A Experimental set-up. Sox11 WT and mutant organoid lines, as indicated, were seeded in 3 mg/ml Matrigel and treated with solvent or TGF-β1 for 72 h, followed by RNA collection and next generation sequencing. The figure was generated with BioRender.com. B Principal component analyses of RNA-seq results from the indicated Sox11 WT and mutant organoid lines cultured in conditions as shown. The color codes specify Sox11 genotypes. Empty and filled symbols distinguish samples treated with solvent or TGF-β1 for 72 h. C Heatmap showing differentially expressed genes in the indicated Sox11 WT and mutant organoid lines treated with solvent or TGF-β1 for 72 h. Genes with absolute values of log₂ fold changes of expression > 1 and adjusted p values < 0.05 in any condition when comparing Sox11 WT and mutant organoid lines were extracted from the bulk RNA-seq results. Gene expression levels in counts per million (CPM) were then normalized by z-score transformation, sorted with a pre-determined number of 12 clusters, and visualized in the heatmap. Selected genes from clusters 1, 2, and 8 are shown next to the heatmap. Bold type identifies members of the Sox11 regulon with an importance score < 300. The color code indicates z-scores of the genes. D Pathway analyses. Differentially expressed genes from clusters 1, 2, and 8 in (C) were examined for enrichment of gene expression signatures from the MSigDB Hallmark and Reactomes datasets and the GO collections Biological Process, Cellular Component, and Molecular Function. Results of pathway analyses are given as combined scores based on adjusted p-values and odds ratios, which reflect the fraction of genes from a given gene set showing enrichment among DEGs versus the total number of genes in the respective set. Color codes indicate adjusted p values with Fisher’s exact test.

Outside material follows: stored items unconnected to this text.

lemma tent_transform_double:
  assumes "X \<ge> 0"
  shows "4 * tent_transform X \<beta> - tent_transform (2 * X) \<beta>
    = of_real (2 * (1 - cos (2 * pi * \<beta> * of_int \<lfloor>X\<rfloor>)))
        * (\<Sum>a\<in>{a. \<bar>of_int a\<bar> \<le> X}. of_int (\<lfloor>X\<rfloor> - \<bar>a\<bar>) * e (of_int a * \<beta>))
      - of_real (2 * frac X - frac (2 * X)) * E (of_int (2 * \<lfloor>X\<rfloor>)) \<beta>
      + (of_real (4 * frac X) * E X \<beta> - of_real (frac (2 * X)) * E (2 * X) \<beta>)"
proof -
  define N where "N = \<lfloor>X\<rfloor>"
  define d :: int where "d = (if frac X < 1/2 then 0 else 1)"
  have "N \<ge> 0"
    using assms unfolding N_def by simp
  have "\<lfloor>2 * X\<rfloor> = 2 * N + d" "2 * frac X - frac (2 * X) = of_int d"
    unfolding N_def d_def floor_double frac_double by simp_all
  moreover have "fejer_kernel (2 * N + d) \<beta> = fejer_kernel (2 * N) \<beta> + of_int d * dirichlet_kernel (2 * N) \<beta>"
    using fejer_kernel_succ[of "2 * N" \<beta>] \<open>N \<ge> 0\<close> by (simp add: d_def)
  ultimately show ?thesis
    unfolding tent_transform_def E_eq_dirichlet_kernel abs_le_set_eq_interval
      fejer_kernel_def[symmetric] N_def[symmetric] floor_of_int
    using fejer_kernel_double[OF \<open>N \<ge> 0\<close>, of \<beta>] by (simp add: algebra_simps)
qed

lemma W_eq_max: "W h a = 4 * max 0 (real h - of_int \<bar>a\<bar>) - max 0 (2 * real h - of_int \<bar>a\<bar>)"
  unfolding W_def Let_def by auto

lemma W_eq_0: "2 * int h < \<bar>a\<bar> \<Longrightarrow> W h a = 0"
  by (simp add: W_def)

lemma W_dilated_eq_tents:
  assumes "l > 0"
  shows "W h (a * int l) = real l * (4 * tent (real h / real l) a - tent (2 * real h / real l) a)"
proof -
  have "max 0 (x - of_int \<bar>a * int l\<bar>) = real l * tent (x / real l) a" for x
  proof -
    have "x - of_int \<bar>a * int l\<bar> = real l * (x / real l - of_int \<bar>a\<bar>)"
      using assms by (simp add: abs_mult field_simps)
    then show ?thesis
      unfolding tent_def using assms by (simp add: max_mult_distrib_left)
  qed
  then show ?thesis
    unfolding W_eq_max by (simp add: algebra_simps)
qed

lemma has_sum_W_dilated:
  assumes "l > 0"
  shows "((\<lambda>a. of_real (W h (a * int l)) * e (of_int a * \<beta>)) has_sum
           of_nat l * (4 * tent_transform (real h / real l) \<beta> - tent_transform (2 * real h / real l) \<beta>)) UNIV"
proof -
  let ?t = "\<lambda>X a. of_real (tent X a) * e (of_int a * \<beta>)"
  have "((\<lambda>a. of_nat l * (4 * ?t (real h / real l) a + - ?t (2 * real h / real l) a)) has_sum
      of_nat l * (4 * tent_transform (real h / real l) \<beta> + - tent_transform (2 * real h / real l) \<beta>)) UNIV"
    by (intro has_sum_cmult_right has_sum_add has_sum_uminusI has_sum_tent)
  then show ?thesis
    using assms by (simp add: W_dilated_eq_tents algebra_simps)
qed

lemma infsum_W_multiples:
  assumes "q > 0"
  shows "(\<Sum>\<^sub>\<infinity>a\<in>{a. int q dvd a}. W h a) = 2 * real q * nint_dist (real h / real q)"
proof -
  define X where "X = real h / real q"
  have "X \<ge> 0" "2 * real h / real q = 2 * X"
    unfolding X_def by simp_all
  have "((\<lambda>b. of_real (W h (b * int q))) has_sum of_nat q * (4 * tent_transform X 0 - tent_transform (2 * X) 0)) UNIV"
    using has_sum_W_dilated[OF assms, of h 0] unfolding X_def[symmetric] \<open>2 * real h / real q = 2 * X\<close>
    by simp
  also have "of_nat q * (4 * tent_transform X 0 - tent_transform (2 * X) 0)
      = of_real (real q * (4 * frac X * (1 - frac X) - frac (2 * X) * (1 - frac (2 * X))))"
    using \<open>X \<ge> 0\<close> by (simp add: tent_transform_0 power2_eq_square algebra_simps)
  also have "\<dots> = of_real (2 * real q * nint_dist X)"
    unfolding nint_dist_eq_frac_double[symmetric] by simp
  finally have "((\<lambda>b. of_real (W h (b * int q)) :: complex) has_sum of_real (2 * real q * nint_dist X)) UNIV" .
  then have "((\<lambda>b. W h (b * int q)) has_sum 2 * real q * nint_dist X) UNIV"
    by (simp only: has_sum_of_real_iff)
  then have "(W h has_sum 2 * real q * nint_dist X) ((\<lambda>b. b * int q) ` UNIV)"
    using assms by (subst has_sum_reindex) (auto simp: inj_on_def o_def)
  moreover have "(\<lambda>b. b * int q) ` UNIV = {a. int q dvd a}"
    by (auto elim!: dvdE)
  ultimately show ?thesis
    unfolding X_def by (simp add: infsumI)
qed

lemma has_sum_W:
  "((\<lambda>a. of_real (W h a) * e (of_int a * \<beta>)) has_sum
      of_real (2 * (1 - cos (2 * pi * \<beta> * real h))) * fejer_kernel (int h) \<beta>) UNIV"
proof -
  have double_h: "2 * real h = real (2 * h)"
    by simp
  have "tent_transform (real h) \<beta> = fejer_kernel (int h) \<beta>"
    "tent_transform (2 * real h) \<beta> = fejer_kernel (2 * int h) \<beta>"
    unfolding tent_transform_def double_h floor_of_nat by (simp_all add: frac_eq_0_iff)
  then show ?thesis
    using has_sum_W_dilated[of 1 h \<beta>] fejer_kernel_double[of "int h" \<beta>] by (simp add: algebra_simps)
qed

lemma sum_W_e_eq:
  assumes "\<beta> \<notin> \<int>"
  shows "(\<Sum>a\<in>{a. \<bar>a\<bar> \<le> 2 * int h}. of_real (W h a) * e (of_int a * \<beta>))
    = of_real (4 * sin (pi * real h * \<beta>) ^ 4 / sin (pi * \<beta>) ^ 2)"
proof -
  have "{a. \<bar>a\<bar> \<le> 2 * int h} = {-2 * int h..2 * int h}"
    by auto
  then have "((\<lambda>a. of_real (W h a) * e (of_int a * \<beta>)) has_sum
      (\<Sum>a\<in>{a. \<bar>a\<bar> \<le> 2 * int h}. of_real (W h a) * e (of_int a * \<beta>))) UNIV"
    by (intro has_sum_finite_neutralI) (auto simp: W_eq_0)
  then have "(\<Sum>a\<in>{a. \<bar>a\<bar> \<le> 2 * int h}. of_real (W h a) * e (of_int a * \<beta>))
      = of_real (2 * (1 - cos (2 * pi * \<beta> * real h))) * fejer_kernel (int h) \<beta>"
    using has_sum_W has_sum_unique by blast
  also have "\<dots> = of_real (4 * sin (pi * real h * \<beta>) ^ 4 / sin (pi * \<beta>) ^ 2)"
    using cos_double_sin[of "pi * \<beta> * real h"]
    by (simp add: fejer_kernel_eq[OF assms] power4_eq_xxxx power2_eq_square mult_ac)
  finally show ?thesis .
qed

Fig. 6. Higher SOX11 expression correlates with shorter survival times in colon and rectum adenocarcinomas.

A The gene expression matrices of colon adenocarcinoma (COAD) and rectum adenocarcinoma (READ) samples from the TCGA database were retrieved from the UCSC Xena browser, and SOX11 RNA expression values in combined COAD and READ cohorts were visualized as box plots. Black dots show SOX11 expression in individual samples. The box plots show the 26th to 75th percentiles of the data and the median. Statistical analyses were performed using Mann–Whitney U-test, ns: not significant. B COAD and READ gene expression matrices from the TCGA database were stratified according to tumor stages, and SOX11 expression levels in combined COAD and READ stage I, II, III, and IV primary tumors are displayed. Black dots show SOX11 expression in individual samples. Mann–Whitney U test, ns: not significant; *: p value < 0.05; **: p value < 0.01; ***: p value < 0.001. C Kaplan-Meier plots showing overall survival and disease-free interval associated with high [log₂(FPKM-UQ + 1) > 3.842] and low [log₂(FPKM-UQ + 1) < 3.842] SOX11 expression in TCGA COAD and READ cohorts. The p values were calculated by the log-rank method. D Correlation analyses of the expression of the genes indicated in combined transcriptomes of COAD and READ primary tumors. Each orange dot shows an individual sample. A linear regression line (red line), rank-based Spearman correlation coefficients, and p values are annotated in each plot. The pink shaded regions indicate 95% confidence intervals. Gene expression levels are given as log₂(FPKM-UQ + 1) values. E Box plots visualizing expression of the genes indicated in CMS-stratified transcriptomes of COAD and READ primary tumors from the TCGA database. Each black dot shows an individual sample. The box plots show the 26th to 75th percentiles of the data and the median. Statistical analyses were performed using Mann–Whitney U-test; ***: p value < 0.001. NC not classifiable.